Robert Neville finds a microscope and learns how to use it. Once he feels confident about preparing slides, he takes blood from a sleeping Undead and studies it. Because viruses are too small to see through this particular microscope, he concludes that the organism he sees is a bacterium; he names it vampiris. Neville experiences “a massive weight of despair” (76) at the discovery, as he barely understands what the discovery means, but eventually grows determined. From his reading, he concludes that vampiris is to blame, not the humans it infects. Vampiris is capable of reproducing spores when their host body does not replenish it with fresh blood; the dust storms caused by military bombings spread the spores.

At the moment, Neville’s only method of distinguishing between infected and true Undead is through shooting them: The infected die to bullets, while Undead are unaffected. He concludes that the infected host vampiris spores, and when they die, vampiris takes over their body, essentially bringing them back to life.

Chapter 12 Summary

With a better understanding of vampiris, Neville tries to debunk the Undead’s seemingly vampire nature, such as their weakness to garlic. He creates a two-column list comparing Undead traits as explained by science or legend. His inability to make a connection between the two columns throws him into a fury, unleashing “repressed craving for violence” (81). Neville begins drinking heavily and attacks the microscope, damaging it. He spends two days drunk and incapable of studying or taking care of himself. On the third morning, he goes outside and sees a dog on his lawn. The dog limps, as one of his front paws is wounded.
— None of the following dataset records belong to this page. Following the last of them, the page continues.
lemma tv_dist_emp_dist_diff:
  fixes \<mu> :: "nat pmf"
  assumes "m \<ge> 1" "j < m" "\<And>k. k \<noteq> j \<Longrightarrow> X k = Y k"
  shows "tv_dist (emp_dist m X) (pmf \<mu>) - tv_dist (emp_dist m Y) (pmf \<mu>) \<le> 1 / real m"
proof -
  define S where "S = X ` {..<m} \<union> Y ` {..<m}"
  have S: "finite S" "X ` {..<m} \<subseteq> S" "Y ` {..<m} \<subseteq> S"
    by (auto simp: S_def)
  have "tv_dist (emp_dist m X) (pmf \<mu>) - tv_dist (emp_dist m Y) (pmf \<mu>)
          = (\<Sum>i\<in>S. max 0 (emp_dist m X i - pmf \<mu> i) - max 0 (emp_dist m Y i - pmf \<mu> i))"
    by (simp add: tv_dist_emp_dist[OF assms(1) S(1,2)] tv_dist_emp_dist[OF assms(1) S(1,3)] sum_subtractf)
  also have "\<dots> \<le> (\<Sum>i\<in>S. if X j = i then 1 / real m else 0)"
  proof (rule sum_mono)
    fix i
    have "max 0 (emp_dist m X i - pmf \<mu> i) - max 0 (emp_dist m Y i - pmf \<mu> i)
            \<le> max 0 (emp_dist m X i - emp_dist m Y i)"
      by (simp add: max_def)
    also have "\<dots> \<le> (if X j = i then 1 / real m else 0)"
      using emp_dist_fun_upd_diff[OF assms(2,3), where i=i] assms(1) by (auto simp: divide_le_0_iff)
    finally show "max 0 (emp_dist m X i - pmf \<mu> i) - max 0 (emp_dist m Y i - pmf \<mu> i)
                    \<le> (if X j = i then 1 / real m else 0)" .
  qed
  also have "\<dots> = 1 / real m"
    using S assms(2) by (simp add: sum.delta' image_subset_iff)
  finally show ?thesis .
qed

lemma expectation_ge_sum_pmf:
  fixes f :: "'a \<Rightarrow> real"
  assumes "finite S" "\<And>x. 0 \<le> f x" "\<And>x. f x \<le> 1"
  shows "(\<Sum>i\<in>S. f i * pmf \<mu> i) \<le> measure_pmf.expectation \<mu> f"
proof -
  have "(\<Sum>i\<in>S. f i * pmf \<mu> i) = measure_pmf.expectation \<mu> (\<lambda>x. f x * indicator S x)"
    by (subst integral_measure_pmf_real[where A=S])
       (use assms(1) in \<open>auto intro!: sum.cong simp: indicator_def\<close>)
  also have "\<dots> \<le> measure_pmf.expectation \<mu> f"
  proof (rule integral_mono)
    show "integrable \<mu> (\<lambda>x. f x * indicator S x)" "integrable \<mu> f"
      using assms(2,3) by (auto intro!: integrable_measure_pmf_bounded[where B=1] simp: indicator_def)
    show "f x * indicator S x \<le> f x" for x
      using assms(2)[of x] by (simp add: indicator_def)
  qed
  finally show ?thesis .
qed

lemma sum_sample_centred_le_tv_dist:
  fixes \<mu> :: "nat pmf" and f :: "nat \<Rightarrow> real"
  assumes "m \<ge> 1" "\<And>x. 0 \<le> f x" "\<And>x. f x \<le> 1"
  shows "(\<Sum>t<m. f (X t) - measure_pmf.expectation \<mu> f) \<le> real m * tv_dist (emp_dist m X) (pmf \<mu>)"
proof -
  define S where "S = X ` {..<m}"
  have S: "finite S" "X ` {..<m} \<subseteq> S"
    by (auto simp: S_def)
  have "(\<Sum>t<m. f (X t) - measure_pmf.expectation \<mu> f)
          = real m * (\<Sum>i\<in>S. f i * emp_dist m X i) - real m * measure_pmf.expectation \<mu> f"
    by (simp add: sum_subtractf sum_sample_eq_emp_dist[OF assms(1) S])
  also have "\<dots> \<le> real m * (\<Sum>i\<in>S. f i * emp_dist m X i) - real m * (\<Sum>i\<in>S. f i * pmf \<mu> i)"
    using expectation_ge_sum_pmf[where f=f and \<mu>=\<mu>, OF S(1) assms(2,3)] by (simp add: mult_left_mono)
  also have "\<dots> = real m * (\<Sum>i\<in>S. f i * (emp_dist m X i - pmf \<mu> i))"
    by (simp add: sum_subtractf right_diff_distrib)
  also have "\<dots> \<le> real m * (\<Sum>i\<in>S. max 0 (emp_dist m X i - pmf \<mu> i))"
  proof (intro mult_left_mono sum_mono)
    show "f i * (emp_dist m X i - pmf \<mu> i) \<le> max 0 (emp_dist m X i - pmf \<mu> i)" for i
      using assms(2,3)[of i] by (cases "emp_dist m X i \<le> pmf \<mu> i")
        (auto simp: mult_nonneg_nonpos mult_left_le_one_le)
  qed simp
  also have "\<dots> = real m * tv_dist (emp_dist m X) (pmf \<mu>)"
    by (simp add: tv_dist_emp_dist[OF assms(1) S])
  finally show ?thesis .
qed

section \<open>Rademacher complexity\<close>

abbreviation signs :: "nat \<Rightarrow> (nat \<Rightarrow> real) set" where
  "signs m \<equiv> PiE {..<m} (\<lambda>_. {-1, 1})"

lemma card_signs: "card (signs m) = 2 ^ m"
  by (simp add: card_PiE numeral_2_eq_2)

lemma signs_cases: "\<sigma> \<in> signs m \<Longrightarrow> t < m \<Longrightarrow> \<sigma> t = 1 \<or> \<sigma> t = -1"
  by (auto simp: PiE_iff)

lemma sum_signs_mult_eq_0:
  assumes "t < m" "s \<noteq> t"
  shows "(\<Sum>\<sigma>\<in>signs m. \<sigma> t * \<sigma> s) = 0"
proof -
  define flip where "flip \<sigma> = \<sigma>(t := - \<sigma> t)" for \<sigma> :: "nat \<Rightarrow> real"
  have flip_signs: "flip \<sigma> \<in> signs m" if "\<sigma> \<in> signs m" for \<sigma>
    using that assms(1) unfolding flip_def by (auto simp: PiE_iff extensional_def)
  have "(\<Sum>\<sigma>\<in>signs m. \<sigma> t * \<sigma> s) = (\<Sum>\<sigma>\<in>signs m. flip \<sigma> t * flip \<sigma> s)"
    by (rule sum.reindex_bij_witness[of _ flip flip]) (auto simp: flip_def flip_signs[unfolded flip_def])
  also have "\<dots> = - (\<Sum>\<sigma>\<in>signs m. \<sigma> t * \<sigma> s)"
    using assms(2) by (simp add: flip_def sum_negf[symmetric])
  finally show ?thesis by simp
qed

lemma sum_signs_square: "(\<Sum>\<sigma>\<in>signs m. (\<Sum>t<m. \<sigma> t)\<^sup>2) = real m * 2 ^ m"
proof -
  have "(\<Sum>\<sigma>\<in>signs m. (\<Sum>t<m. \<sigma> t)\<^sup>2) = (\<Sum>t<m. \<Sum>s<m. \<Sum>\<sigma>\<in>signs m. \<sigma> t * \<sigma> s)"
    by (simp add: power2_eq_square sum_product sum.swap[of _ "signs m"])
  also have "\<dots> = (\<Sum>t<m. \<Sum>s<m. if s = t then 2 ^ m else 0)"
  proof (intro sum.cong refl)
    fix t s assume "t \<in> {..<m}" "s \<in> {..<m}"
    then have "\<sigma> t * \<sigma> t = 1" if "\<sigma> \<in> signs m" for \<sigma>
      using signs_cases[OF that, of t] by auto
    then show "(\<Sum>\<sigma>\<in>signs m. \<sigma> t * \<sigma> s) = (if s = t then 2 ^ m else 0)"
      using sum_signs_mult_eq_0[of t m s] \<open>t \<in> {..<m}\<close> by (simp add: card_signs)
  qed
  finally show ?thesis by simp
qed

text \<open>Combined with \<open>\<bar>x\<bar> \<le> (x\<^sup>2 + m) / (2 \<surd>m)\<close>, the second moment bounds the first.\<close>

lemma sum_signs_abs_le:
  assumes "m \<ge> 1"
  shows "(\<Sum>\<sigma>\<in>signs m. \<bar>\<Sum>t<m. \<sigma> t\<bar>) \<le> sqrt (real m) * 2 ^ m"
proof -
  define r where "r = sqrt (real m)"
  have r: "r > 0" "r\<^sup>2 = real m"
    using assms by (simp_all add: r_def)
  have "\<bar>x\<bar> \<le> (x\<^sup>2 + r\<^sup>2) / (2 * r)" for x :: real
  proof -
    have "0 \<le> (\<bar>x\<bar> - r)\<^sup>2" by simp
    then show ?thesis
      using r(1) by (simp add: field_simps power2_eq_square algebra_simps)
  qed
  then have "(\<Sum>\<sigma>\<in>signs m. \<bar>\<Sum>t<m. \<sigma> t\<bar>) \<le> (\<Sum>\<sigma>\<in>signs m. ((\<Sum>t<m. \<sigma> t)\<^sup>2 + r\<^sup>2) / (2 * r))"
    by (intro sum_mono)
  also have "\<dots> = (real m * 2 ^ m + 2 ^ m * r\<^sup>2) / (2 * r)"
    by (simp add: sum_divide_distrib[symmetric] sum.distrib sum_signs_square card_signs)
  also have "\<dots> = r * 2 ^ m"
    using r by (simp add: field_simps power2_eq_square)
  finally show ?thesis by (simp add: r_def)
qed

definition binary_functions :: "(nat \<Rightarrow> real) set" where
  "binary_functions = {f. \<forall>x. f x \<in> {0, 1}}"

lemma binary_functions_bounds:
  assumes "f \<in> binary_functions"
  shows "0 \<le> f x \<and> f x \<le> 1"
proof -
  have "f x = 0 \<or> f x = 1"
    using assms unfolding binary_functions_def by blast
  then show ?thesis by auto
qed

lemma zero_in_binary_functions: "(\<lambda>_. 0) \<in> binary_functions"
  by (simp add: binary_functions_def)

lemma one_minus_in_binary_functions: "f \<in> binary_functions \<Longrightarrow> (\<lambda>x. 1 - f x) \<in> binary_functions"
  by (auto simp: binary_functions_def)

definition rademacher_sup :: "nat \<Rightarrow> (nat \<Rightarrow> real) \<Rightarrow> (nat \<Rightarrow> nat) \<Rightarrow> real" where
  "rademacher_sup m \<sigma> X = (SUP f\<in>binary_functions. (1 / real m) * (\<Sum>t<m. \<sigma> t * f (X t)))"

lemma emp_rademacher_eq: "emp_rademacher m X = (1 / 2 ^ m) * (\<Sum>\<sigma>\<in>signs m. rademacher_sup m \<sigma> X)"
  unfolding emp_rademacher_def rademacher_sup_def binary_functions_def ..

lemma abs_rademacher_sum_le:
  assumes "\<sigma> \<in> signs m" "f \<in> binary_functions" "m \<ge> 1"
  shows "\<bar>(1 / real m) * (\<Sum>t<m. \<sigma> t * f (X t))\<bar> \<le> 1"
proof -
  have "(\<Sum>t<m. \<bar>\<sigma> t * f (X t)\<bar>) \<le> real (card {..<m::nat}) * 1"
  proof (rule sum_bounded_above)
    show "\<bar>\<sigma> t * f (X t)\<bar> \<le> 1" if "t \<in> {..<m}" for t
      using signs_cases[OF assms(1), of t] that binary_functions_bounds[OF assms(2), of "X t"]
      by (auto simp: abs_mult)
  qed
  then have "\<bar>\<Sum>t<m. \<sigma> t * f (X t)\<bar> \<le> real m"
    by (intro order_trans[OF sum_abs]) simp
  then show ?thesis
    using assms(3) by (simp add: abs_mult field_simps)
qed

lemma rademacher_sum_le_sup:
  assumes "\<sigma> \<in> signs m" "f \<in> binary_functions" "m \<ge> 1"
  shows "(1 / real m) * (\<Sum>t<m. \<sigma> t * f (X t)) \<le> rademacher_sup m \<sigma> X"
  unfolding rademacher_sup_def
proof (rule cSUP_upper[OF assms(2) bdd_aboveI2[where M=1]])
  show "(1 / real m) * (\<Sum>t<m. \<sigma> t * g (X t)) \<le> 1" if "g \<in> binary_functions" for g
    using abs_rademacher_sum_le[OF assms(1) that assms(3)] by (simp only: abs_le_iff)
qed

lemma rademacher_sup_bounds:
  assumes "\<sigma> \<in> signs m" "m \<ge> 1"
  shows "0 \<le> rademacher_sup m \<sigma> X" "rademacher_sup m \<sigma> X \<le> 1"
proof -
  show "0 \<le> rademacher_sup m \<sigma> X"
    using rademacher_sum_le_sup[OF assms(1) zero_in_binary_functions assms(2)] by simp
  show "rademacher_sup m \<sigma> X \<le> 1"
    unfolding rademacher_sup_def
  proof (rule cSUP_least)
    show "(1 / real m) * (\<Sum>t<m. \<sigma> t * f (X t)) \<le> 1" if "f \<in> binary_functions" for f
      using abs_rademacher_sum_le[OF assms(1) that assms(2)] by (simp only: abs_le_iff)
  qed (use zero_in_binary_functions in blast)
qed

lemma emp_rademacher_bounds:
  assumes "m \<ge> 1"
  shows "0 \<le> emp_rademacher m X" "emp_rademacher m X \<le> 1"
proof -
  show "0 \<le> emp_rademacher m X"
    unfolding emp_rademacher_eq
    by (intro mult_nonneg_nonneg sum_nonneg) (use rademacher_sup_bounds(1) assms in auto)
  have "(\<Sum>\<sigma>\<in>signs m. rademacher_sup m \<sigma> X) \<le> (\<Sum>\<sigma>\<in>signs m. 1)"
    by (rule sum_mono) (use rademacher_sup_bounds(2) assms in auto)
  then show "emp_rademacher m X \<le> 1"
    unfolding emp_rademacher_eq by (simp add: card_signs)
qed

lemma rademacher_sup_diff:
  assumes "\<sigma> \<in> signs m" "m \<ge> 1" "j < m" "\<And>k. k \<noteq> j \<Longrightarrow> X k = Y k"
  shows "rademacher_sup m \<sigma> X - rademacher_sup m \<sigma> Y \<le> 1 / real m"
proof -
  have "rademacher_sup m \<sigma> X \<le> rademacher_sup m \<sigma> Y + 1 / real m"
    unfolding rademacher_sup_def [of m \<sigma> X]
  proof (rule cSUP_least)
    fix f assume f: "f \<in> binary_functions"
    have "(\<Sum>t<m. \<sigma> t * f (X t)) - (\<Sum>t<m. \<sigma> t * f (Y t)) = (\<Sum>t\<in>{j}. \<sigma> t * f (X t) - \<sigma> t * f (Y t))"
      unfolding sum_subtractf[symmetric] by (rule sum.mono_neutral_right) (use assms in auto)
    also have "\<dots> \<le> 1"
      using signs_cases[OF assms(1,3)] binary_functions_bounds[OF f, of "X j"]
        binary_functions_bounds[OF f, of "Y j"] by auto
    finally have "(1 / real m) * (\<Sum>t<m. \<sigma> t * f (X t)) \<le> (1 / real m) * (\<Sum>t<m. \<sigma> t * f (Y t)) + 1 / real m"
      using assms(2) by (simp add: field_simps)
    also have "(1 / real m) * (\<Sum>t<m. \<sigma> t * f (Y t)) \<le> rademacher_sup m \<sigma> Y"
      by (rule rademacher_sum_le_sup[OF assms(1) f assms(2)])
    finally show "(1 / real m) * (\<Sum>t<m. \<sigma> t * f (X t)) \<le> rademacher_sup m \<sigma> Y + 1 / real m"
      by simp
  qed (use zero_in_binary_functions in blast)
  then show ?thesis by simp
qed

lemma emp_rademacher_diff:
  assumes "m \<ge> 1" "j < m" "\<And>k. k \<noteq> j \<Longrightarrow> X k = Y k"
  shows "emp_rademacher m X - emp_rademacher m Y \<le> 1 / real m"
proof -
  have "emp_rademacher m X - emp_rademacher m Y
          = (1 / 2 ^ m) * (\<Sum>\<sigma>\<in>signs m. rademacher_sup m \<sigma> X - rademacher_sup m \<sigma> Y)"
    unfolding emp_rademacher_eq by (simp add: sum_subtractf right_diff_distrib)
  also have "\<dots> \<le> (1 / 2 ^ m) * (\<Sum>\<sigma>\<in>signs m. 1 / real m)"
    by (intro mult_left_mono sum_mono rademacher_sup_diff) (use assms in auto)
  also have "\<dots> = 1 / real m"
    by (simp add: card_signs)
  finally show ?thesis .
qed


definition centred :: "nat pmf \<Rightarrow> (nat \<Rightarrow> real) \<Rightarrow> nat \<Rightarrow> real" where
  "centred \<mu> f x = f x - measure_pmf.expectation \<mu> f"

lemma expectation_binary_function_bounds:
  assumes "f \<in> binary_functions"
  shows "0 \<le> measure_pmf.expectation \<mu> f" "measure_pmf.expectation \<mu> f \<le> 1"
proof -
  show "0 \<le> measure_pmf.expectation \<mu> f"
    using binary_functions_bounds[OF assms] by (simp add: Bochner_Integration.integral_nonneg)
  have "measure_pmf.expectation \<mu> f \<le> measure_pmf.expectation \<mu> (\<lambda>_. 1)"
    using binary_functions_bounds[OF assms]
    by (intro integral_mono integrable_measure_pmf_bounded[where B=1]) (auto simp: abs_le_iff)
  then show "measure_pmf.expectation \<mu> f \<le> 1" by simp
qed

lemma abs_centred_le: "f \<in> binary_functions \<Longrightarrow> \<bar>centred \<mu> f x\<bar> \<le> 1"
  using binary_functions_bounds[of f x] expectation_binary_function_bounds[of f \<mu>]
  by (auto simp: centred_def abs_le_iff)

lemma expectation_centred: "f \<in> binary_functions \<Longrightarrow> measure_pmf.expectation \<mu> (centred \<mu> f) = 0"
  unfolding centred_def using binary_functions_bounds[of f]
  by (subst Bochner_Integration.integral_diff)
     (auto intro: integrable_measure_pmf_bounded[where B=1] simp: abs_le_iff)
Surprised, Neville chases the dog, but his enthusiasm frightens the latter into hiding. Afterward, he “dredged up again the endless enigma of why he went on” (85) and considers why he hasn’t died by suicide when he will have to spend the rest of his life alone and in hiding; ultimately, he believes himself “too dumb” to see to his own death. Neville prays for the dog’s safety despite his lack of faith. He sets out a hamburger and a bowl of milk on the porch to entice the dog to return.

Chapter 13 Summary

The next morning, Neville finds that the dog ate his food. He begins leaving out food twice a day, standing nearby while the dog eats so the latter becomes accustomed to him. Neville reasons that if the dog survived this long, there might be other humans who managed to do the same. As several days pass, the dog becomes more comfortable with Neville, until he stops coming for three days. When he returns, he is noticeably sick and weak, having been infected with vampiris.
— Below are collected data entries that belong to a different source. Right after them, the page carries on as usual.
lemma det_binom_int_drop_tops_eq_0:
  assumes h: "antimono_upto N h" and SN: "S \<subseteq> {..<N}" and nS: "S \<notin> hstrip_sets N h"
  shows "det (mat N N (\<lambda>(j,k). binom_int n (int (h k) - (if k \<in> S then 1 else 0) - int k + int j))) = 0"
proof -
  define g where "g k = int (h k) - (if k \<in> S then 1 else 0)" for k
  show ?thesis
  proof (cases "antimono_upto N g")
    case False
    then obtain j where j: "Suc j < N" "g j < g (Suc j)" by (auto simp: antimono_upto_def not_le)
    moreover have "h (Suc j) \<le> h j" using h j(1) by (auto simp: antimono_upto_def)
    ultimately have "h (Suc j) = h j" "j \<in> S" "Suc j \<notin> S" by (auto simp: g_def split: if_splits)
    then show ?thesis
      using j(1) by (intro det_mat_equal_cols[of j N "Suc j"]) (auto simp: algebra_simps)
  next
    case True
    have "\<exists>k\<in>S. h k = 0"
    proof (rule ccontr)
      assume "\<not> (\<exists>k\<in>S. h k = 0)"
      then have "g k = int (drop_tops h S k)" for k by (auto simp: g_def drop_tops_def)
      then have "S \<in> hstrip_sets N h"
        using True SN \<open>\<not> (\<exists>k\<in>S. h k = 0)\<close> by (auto simp: hstrip_sets_def antimono_upto_def)
      with nS show False ..
    qed
    then obtain k where k: "k \<in> S" "h k = 0" "k < N" using SN by auto
    then have "g (N - 1) \<le> -1" using antimono_uptoD[OF True, of k "N - 1"] by (simp add: g_def)
    then show ?thesis
      using k(3) by (intro det_mat_zero_col[of "N - 1"]) (auto simp: binom_int_def g_def)
  qed
qed

lemma binom_det_Suc:
  assumes h: "antimono_upto N h"
  shows "binom_det N (Suc n) h = (\<Sum>S\<in>hstrip_sets N h. binom_det N n (drop_tops h S))"
proof -
  define D where "D S = det (mat N N (\<lambda>(j,k).
      binom_int n (int (h k) - (if k \<in> S then 1 else 0) - int k + int j)))" for S
  have "binom_det N (Suc n) h = det (mat N N (\<lambda>(j,k).
      binom_int n (int (h k) - int k + int j) + binom_int n (int (h k) - int k + int j - 1)))"
    unfolding binom_det_def by (simp add: binom_int_Suc)
  also have "\<dots> = (\<Sum>S\<in>Pow {..<N}. D S)"
    unfolding det_mat_add_cols D_def
    by (intro sum.cong refl arg_cong[where f=det] cong_mat) (auto simp: algebra_simps)
  also have "\<dots> = (\<Sum>S\<in>hstrip_sets N h. D S)"
  proof (rule sum.mono_neutral_right)
    show "\<forall>S\<in>Pow {..<N} - hstrip_sets N h. D S = 0"
      unfolding D_def using det_binom_int_drop_tops_eq_0[OF h] by blast
  qed (auto simp: hstrip_sets_def)
  also have "\<dots> = (\<Sum>S\<in>hstrip_sets N h. binom_det N n (drop_tops h S))"
    by (intro sum.cong refl)
      (auto simp: D_def binom_det_def hstrip_sets_def drop_tops_def of_nat_diff Suc_leI
        intro!: arg_cong[where f=det] cong_mat)
  finally show ?thesis .
qed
Neville becomes distraught. He resolves to cure the dog and manages to capture it. The dog hides under Neville’s bed. Neville puts a blanket on the floor, and the terrified dog burrows into it. He manages to hold the dog and calmly pet it, but the latter is too sick to be cured. The dog dies within a week.

Chapter 14 Summary

After the dog dies, Neville finds that he does not resort to destructive drinking as he expected. Rather, he is at such a low point that “the only way he could go was up” (100). Neville accepts the “dungeon” he is in, gives up hope, and returns to studying.

Neville remembers the period after Virginia died, but when there were still humans living in the city. He had been aimlessly wandering the streets when he got caught up in a crowd walking toward a tent to hear a religious sermon against the Undead. The speaker claimed that they needed to pray for salvation from the Undead’s sinfulness.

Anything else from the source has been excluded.